One recording, which The Daily Caller posted with its story, is an excerpt from a meeting with VA officials and colleagues at the LA center to discuss deleting the appointments.

On that audio, several people can be heard discussing the backlog of appointments. One individual – whom Mitchell identifies as a doctor – said they need to begin by getting patients in for testing within 25 days of a request.
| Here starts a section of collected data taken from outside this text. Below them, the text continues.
(* For the binary tree-shifts $X_5=(A,E)$ and $X_7=(A,G)$, the limit $h_{PS}$ exists and $$h_{PS}(X_5)=h_{PS}(X_7)=\sum_{n=2}^\infty\frac{\log n}{2^n}.$$
   Context: Binary tree-shifts: $k=2$, directions $a_1,a_2$, alphabet $\{0,1\}$; $(P,Q)$ is the set of trees $t:\{a_1,a_2\}^*\to\{0,1\}$ with $P_{t_x,t_{xa_1}}=1$, $Q_{t_x,t_{xa_2}}=1$ for all nodes $x$. Matrices: $A=\begin{pmatrix}1&1\\1&1\end{pmatrix}$, $E=\begin{pmatrix}1&0\\1&1\end{pmatrix}$, $G=\begin{pmatrix}1&1\\0&1\end{pmatrix}$. $p(n)$ is the number of allowed blocks of length $n$ (labellings $t|_{\Delta_n}$, $\Delta_n$ the words of length $\le n$), and $h_{PS}=\lim_{n\to\infty}\frac{\log p(n)}{1+2+\cdots+2^n}$. *)

theory Defs
  imports Complex_Main "HOL-Library.FuncSet"
begin

text \<open>Nodes of the binary tree are words over the two directions;
  False stands for a_1 and True for a_2.\<close>

type_synonym node = "bool list"
type_synonym tree = "node \<Rightarrow> nat"
type_synonym mat01 = "nat \<Rightarrow> nat \<Rightarrow> nat"

definition matA :: mat01 where "matA i j = 1"
definition matE :: mat01 where "matE i j = (if i = 0 \<and> j = 1 then 0 else 1)"
definition matG :: mat01 where "matG i j = (if i = 1 \<and> j = 0 then 0 else 1)"

definition tree_shift :: "mat01 \<Rightarrow> mat01 \<Rightarrow> tree set" where
  "tree_shift P Q = {t. (\<forall>x. t x \<in> {0,1}) \<and>
      (\<forall>x. P (t x) (t (x @ [False])) = 1) \<and>
      (\<forall>x. Q (t x) (t (x @ [True])) = 1)}"

definition Delta :: "nat \<Rightarrow> node set" where
  "Delta n = {x. length x \<le> n}"

definition num_blocks :: "tree set \<Rightarrow> nat \<Rightarrow> nat" where
  "num_blocks X n = card ((\<lambda>t. restrict t (Delta n)) ` X)"

definition hps_seq :: "tree set \<Rightarrow> nat \<Rightarrow> real" where
  "hps_seq X n = ln (real (num_blocks X n)) / (\<Sum>k\<le>n. (2::real) ^ k)"

end
lemma run_concat_upt:
  assumes "i \<le> j" "\<And>k. i \<le> k \<Longrightarrow> k < j \<Longrightarrow> run \<delta> (st k) (f k) (ms k) (st (Suc k))"
  shows "run \<delta> (st i) (concat (map f [i..<j])) (prod_list (map ms [i..<j])) (st j)"
  using assms
proof (induction j rule: dec_induct)
  case base
  then show ?case by (simp add: run.nil)
next
  case (step j)
  then show ?case using run_append[of \<delta> "st i" _ _ "st j"] by simp
qed

lemma run_concat_loops:
  "(\<And>j. j \<in> set js \<Longrightarrow> run \<delta> q (v j) (s j) q) \<Longrightarrow>
   run \<delta> q (concat (map v js)) (prod_list (map s js)) q"
  by (induction js) (auto simp: run.nil dest: run_append)

lemma run_target_in:
  "run \<delta> p w x p' \<Longrightarrow> (\<And>q c. fst ` \<delta> q c \<subseteq> Q) \<Longrightarrow> p \<in> Q \<Longrightarrow> p' \<in> Q"
  by (induction rule: run.induct) force+

lemma card_fiber_gt:
  assumes "finite T" "finite Q" "g ` T \<subseteq> Q" "card Q * n < card T"
  obtains q where "n < card {t \<in> T. g t = q}"
proof -
  have "Q \<noteq> {}"
    using assms by auto
  then obtain q where "card T \<le> card (g -` {q} \<inter> T) * card Q"
    using pigeonhole_card[of g T Q] assms by auto
  moreover have "g -` {q} \<inter> T = {t \<in> T. g t = q}"
    by auto
  ultimately have "n * card Q < card {t \<in> T. g t = q} * card Q"
    using assms(4) by (metis less_le_trans mult.commute)
  then show thesis
    using that mult_less_cancel2 by blast
qed

lemma strict_mono_enumeration:
  assumes "finite S" "n < card S"
  obtains i :: "nat \<Rightarrow> nat" where "strict_mono i" "\<And>j. j \<le> n \<Longrightarrow> i j \<in> S"
proof
  define xs where "xs = sorted_list_of_set S"
  have xs: "sorted_wrt (<) xs" "length xs = card S" "set xs = S"
    using assms(1) by (simp_all add: xs_def)
  show "strict_mono (\<lambda>j. xs ! min j n + (j - n))"
    unfolding strict_mono_Suc_iff
  proof
    fix j
    show "xs ! min j n + (j - n) < xs ! min (Suc j) n + (Suc j - n)"
    proof (cases "j < n")
      case True
      then have "xs ! j < xs ! Suc j"
        using xs assms(2) by (intro sorted_wrt_nth_less[OF xs(1)]) auto
      with True show ?thesis by simp
    qed simp
  qed
  show "xs ! min j n + (j - n) \<in> S" if "j \<le> n" for j
    using that xs assms(2) by (metis min_absorb1 diff_is_0_eq' add_0_right order.strict_trans1 nth_mem)
qed

lemma upt_append: "i \<le> j \<Longrightarrow> j \<le> k \<Longrightarrow> [i..<j] @ [j..<k] = [i..<k]"
  using upt_add_eq_append[of i j "k - j"] by simp

lemma prod_list_upt_telescope:
  fixes g :: "nat \<Rightarrow> 'a::monoid_mult"
  assumes "mono i"
  shows "prod_list (map (\<lambda>j. prod_list (map g [i (j - 1)..<i j])) [1..<n+1]) = prod_list (map g [i 0..<i n])"
proof (induction n)
  case (Suc n)
  have "i 0 \<le> i n" "i n \<le> i (Suc n)"
    using assms by (simp_all add: monoD)
  then show ?case
    using Suc.IH by (simp flip: upt_append[of "i 0" "i n" "i (Suc n)"])
qed simp

lemma concat_upt_telescope:
  assumes "mono i"
  shows "concat (map (\<lambda>j. concat (map f [i (j - 1)..<i j])) [1..<n+1]) = concat (map f [i 0..<i n])"
proof (induction n)
  case (Suc n)
  have "i 0 \<le> i n" "i n \<le> i (Suc n)"
    using assms by (simp_all add: monoD)
  then show ?case
    using Suc.IH by (simp flip: upt_append[of "i 0" "i n" "i (Suc n)"])
qed simp

lemma permutes_least_moved_point:
  fixes \<sigma> :: "nat \<Rightarrow> nat"
  assumes "\<sigma> permutes {1..n}" "\<sigma> \<noteq> id"
  obtains j where "j \<in> {1..n}" "j < \<sigma> j" "\<And>k. k < j \<Longrightarrow> \<sigma> k = k"
proof -
  have "\<exists>k. \<sigma> k \<noteq> k"
    using assms(2) by auto
  define j where "j = (LEAST k. \<sigma> k \<noteq> k)"
  have moved: "\<sigma> j \<noteq> j" and fixed: "\<And>k. k < j \<Longrightarrow> \<sigma> k = k"
    using LeastI_ex[OF \<open>\<exists>k. \<sigma> k \<noteq> k\<close>] not_less_Least by (auto simp: j_def)
  have "j \<in> {1..n}"
    using moved permutes_not_in[OF assms(1)] by blast
  moreover have "j < \<sigma> j"
  proof (rule ccontr)
    assume "\<not> j < \<sigma> j"
    then have "\<sigma> (\<sigma> j) = \<sigma> j"
      using moved fixed by simp
    then show False
      using moved permutes_inj[OF assms(1)] by (metis injD)
  qed
  ultimately show thesis
    using fixed that by blast
qed

definition permuted_segments :: "(nat \<Rightarrow> 'a list) \<Rightarrow> (nat \<Rightarrow> nat) \<Rightarrow> (nat \<Rightarrow> nat) \<Rightarrow> nat \<Rightarrow> nat \<Rightarrow> 'a list"
  where "permuted_segments f i \<sigma> n L =
    concat (map f [0..<i 0]) @ concat (map (\<lambda>j. concat (map f [i (j - 1)..<i j])) (map \<sigma> [1..<n+1])) @
    concat (map f [i n..<L])"

lemma permuted_segments_split:
  assumes "strict_mono i" "\<sigma> permutes {1..n}" "\<sigma> \<noteq> id"
  obtains m m' r where "i 0 \<le> m" "m < m'" "m' < i n"
    "permuted_segments f i \<sigma> n L = concat (map f [0..<m]) @ f m' @ r"
proof -
  define seg where "seg = (\<lambda>j. concat (map f [i (j - 1)..<i j]))"
  have "mono i"
    using assms(1) by (rule strict_mono_mono)
  obtain j where j: "j \<in> {1..n}" "j < \<sigma> j" and fixed: "\<And>k. k < j \<Longrightarrow> \<sigma> k = k"
    using permutes_least_moved_point[OF assms(2,3)] by blast
  have "\<sigma> j \<le> n"
    using permutes_in_image[OF assms(2)] j(1) by auto
  define m where "m = i (j - 1)"
  define m' where "m' = i (\<sigma> j - 1)"
  have "m < m'" "m' < i (\<sigma> j)"
    using j strict_monoD[OF assms(1)] by (auto simp: m_def m'_def)
  have "i (\<sigma> j) \<le> i n" "i 0 \<le> m"
    using \<open>\<sigma> j \<le> n\<close> monoD[OF \<open>mono i\<close>] by (auto simp: m_def)
  have split: "[1..<n+1] = [1..<j] @ j # [Suc j..<n+1]"
    using j(1) upt_append[of 1 j "n + 1"] upt_conv_Cons[of j "n + 1"] by (simp del: upt_Suc)
  have "map \<sigma> [1..<j] = [1..<j]"
    using fixed by (intro map_idI) simp
  moreover have "concat (map seg [1..<j]) = concat (map f [i 0..<m])"
    using concat_upt_telescope[OF \<open>mono i\<close>, of f "j - 1"] j(1) by (simp add: seg_def m_def del: upt_Suc)
  then have "concat (map f [0..<i 0]) @ concat (map seg [1..<j]) = concat (map f [0..<m])"
    using upt_append[OF _ \<open>i 0 \<le> m\<close>, of 0] by (metis concat_append map_append zero_le)
  moreover have "seg (\<sigma> j) = f m' @ concat (map f [Suc m'..<i (\<sigma> j)])"
    using \<open>m' < i (\<sigma> j)\<close> by (simp add: seg_def m'_def upt_conv_Cons)
  ultimately have "permuted_segments f i \<sigma> n L =
      concat (map f [0..<m]) @ f m' @ concat (map f [Suc m'..<i (\<sigma> j)]) @
      concat (map seg (map \<sigma> [Suc j..<n+1])) @ concat (map f [i n..<L])"
    unfolding permuted_segments_def seg_def[symmetric] split by (simp del: upt_Suc)
  moreover have "m' < i n"
    using \<open>m' < i (\<sigma> j)\<close> \<open>i (\<sigma> j) \<le> i n\<close> by simp
  ultimately show thesis
    using that[OF \<open>i 0 \<le> m\<close> \<open>m < m'\<close>] by blast
qed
And any request older than a year should be cancelled, the speaker says, because "a lot of our patients have had their [test] done somewhere else, have had their surgery, have gotten better or just died while waiting for services."

The order for the deletions reportedly was made in November 2008 and begun in early 2009.

The recording also suggests that a request for a "mass purge" of old appointments would not be done, with one speaker, whom Mitchell identifies as an information systems manager, saying "nobody wants to even take the chance, [for] fear of losing their job or something."

Catherine Gromek, congressional relations officer with the VA’s Inspector General’s Office, said the agency contacted the center’s director after receiving a complaint on its hotline in March 2009 that MRI appointments were being deleted from the system for 2000 through November 2008 without proper notification.

"The director responded that the [VA’s] National Radiology Director instructed all imaging services across the country to mass purge all outstanding imaging orders for studies older than six months, where the procedure was no longer needed, and with approval from the individual healthcare system’s Medical Executive Committee," she said.

 The IG was satisfied with the response and did not open an investigation.

Mitchell, on his Blogger website, appears to direct criticism at Linda Halliday, assistant IG for audits and inspections at the VA, for not accepting the evidence he says he provided, but opting "to try and set me up by sending me on my [merry] way."